══ DATA EXCERPTS

section \<open>Square roots of nonnegative elements\<close>

lemma order_bdd_if_anorm_finite:
  fixes x :: "'a::star_algebra"
  assumes "anorm x < \<infinity>" "hermitian x"
  obtains K where "K \<ge> 1" "order_bdd x K"
proof -
  obtain r where r: "anorm x = ereal r"
    using assms(1) anorm_nonneg[of x] by (cases "anorm x") auto
  obtain n :: nat where "r < of_nat n"
    using reals_Archimedean2 by blast
  define K :: rat where "K = of_nat n + 1"
  have "anorm x < ereal (real_of_rat K)"
    using r \<open>r < of_nat n\<close> by (simp add: K_def of_rat_add)
  then have "order_bdd x K"
    by (rule anorm_less_imp_order_bdd) (simp_all add: K_def assms(2))
  then show ?thesis
    by (rule that[rotated]) (simp add: K_def)
qed

lemma order_bdd_normalized:
  fixes x :: "'a::star_algebra"
  assumes "K \<ge> 1" "order_bdd x K" "\<And>\<alpha>. \<alpha> > 0 \<Longrightarrow> x + ratA \<alpha> \<in> posCone" "a > 0"
  shows "order_bdd (scaleQ (1 / (K * K)) x - 1) (1 + a)"
proof -
  let ?q = "1 / (K * K)"
  have "?q > 0"
    using assms(1) by simp
  have two: "ratA (2 + a) = ratA (1 + a) + (1::'a)"
    using ratA_add[of "1 + a" 1] by (simp add: add.commute add.left_commute)
  have "scaleQ ?q ((ratA K - x) + ratA ((2 + a) * (K * K) - K))
      = scaleQ ?q (ratA ((2 + a) * (K * K)) - x)"
    by (simp add: ratA_diff)
  also have "\<dots> = ratA (1 + a) - (scaleQ ?q x - 1)"
    using assms(1) two by (simp add: scaleQ_diff_right scaleQ_ratA)
  finally have upper: "ratA (1 + a) - (scaleQ ?q x - 1)
      = scaleQ ?q ((ratA K - x) + ratA ((2 + a) * (K * K) - K))"
    by simp
  have lower: "ratA (1 + a) + (scaleQ ?q x - 1) = scaleQ ?q (x + ratA (a * (K * K)))"
    using assms(1) by (simp add: scaleQ_add_right scaleQ_ratA ratA_add)
  have "K \<le> (2 + a) * (K * K)"
  proof -
    have "K \<le> K * K"
      using assms(1) by (simp add: mult_le_cancel_left1)
    also have "\<dots> \<le> (2 + a) * (K * K)"
      using assms(4) by (simp add: mult_le_cancel_right1)
    finally show ?thesis .
  qed
  then have "(ratA K - x) + ratA ((2 + a) * (K * K) - K) \<in> posCone"
    using assms(2) by (intro posCone_add posCone_ratA) (simp_all add: order_bdd_def)
  moreover have "x + ratA (a * (K * K)) \<in> posCone"
    using assms(1,3,4) by simp
  ultimately show ?thesis
    unfolding order_bdd_def upper lower using \<open>?q > 0\<close> by (simp add: posCone_scaleQ)
qed

lemma cs_pos_if_nonneg:
  fixes x :: "'a::star_algebra"
  assumes "archimedean_star TYPE('a)" "hermitian x" "\<And>\<alpha>. \<alpha> > 0 \<Longrightarrow> x + ratA \<alpha> \<in> posCone"
  shows "cs_pos (cs_of x)"
proof -
  obtain K where K: "K \<ge> 1" "order_bdd x K"
    using assms(1,2) order_bdd_if_anorm_finite by (auto simp: archimedean_star_def)
  define v where "v = scaleQ (1 / (K * K)) x - 1"
  have v: "hermitian v" "\<And>a. a > 0 \<Longrightarrow> order_bdd v (1 + a)"
    using K assms(2,3) by (simp_all add: v_def hermitian_diff hermitian_scaleQ order_bdd_normalized)
  have x_eq: "x = scaleQ (K * K) (1 + v)"
    using K(1) by (simp add: v_def scaleQ_scaleQ scaleQ_one)
  define a where "a n = scaleQ K (sqrt_partial_sum v n)" for n
  show ?thesis
  proof (rule cs_pos_cs_ofI)
    show "hermitian (a n)" for n
      using v(1) by (simp add: a_def hermitian_scaleQ hermitian_sqrt_partial_sum)
    show "order_cauchy a"
      unfolding a_def using order_cauchy_sqrt_partial_sum[OF v] by (rule order_cauchy_scaleQ)
    have "order_null
        (\<lambda>n. scaleQ (- (K * K)) (sqrt_partial_sum v n * sqrt_partial_sum v n - (1 + v)))"
      using order_null_sqrt_partial_sum_square[OF v] by (rule order_null_scaleQ)
    then show "order_null (\<lambda>n. x - a n * a n)"
      by (simp add: x_eq a_def scaleQ_diff_right mult_scaleQ_left mult_scaleQ_right scaleQ_scaleQ
          scaleQ_minus_left)
  qed (rule assms(2))
qed

theorem proposition2p8:
  fixes x :: "'a::star_algebra"
  assumes "archimedean_star TYPE('a)"
    and "invol x = x"
  shows "cs_pos (cs_of x) \<longleftrightarrow> (\<forall>\<alpha>::rat. \<alpha> > 0 \<longrightarrow> x + ratA \<alpha> \<in> posCone)"
  using nonneg_if_cs_pos[OF assms(2)] cs_pos_if_nonneg[OF assms] by blast

end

════

Show all lines in the preceding material that have "dots" in them.

  also have "\<dots> = ratA (1 + a) - (scaleQ ?q x - 1)"
    also have "\<dots> \<le> (2 + a) * (K * K)"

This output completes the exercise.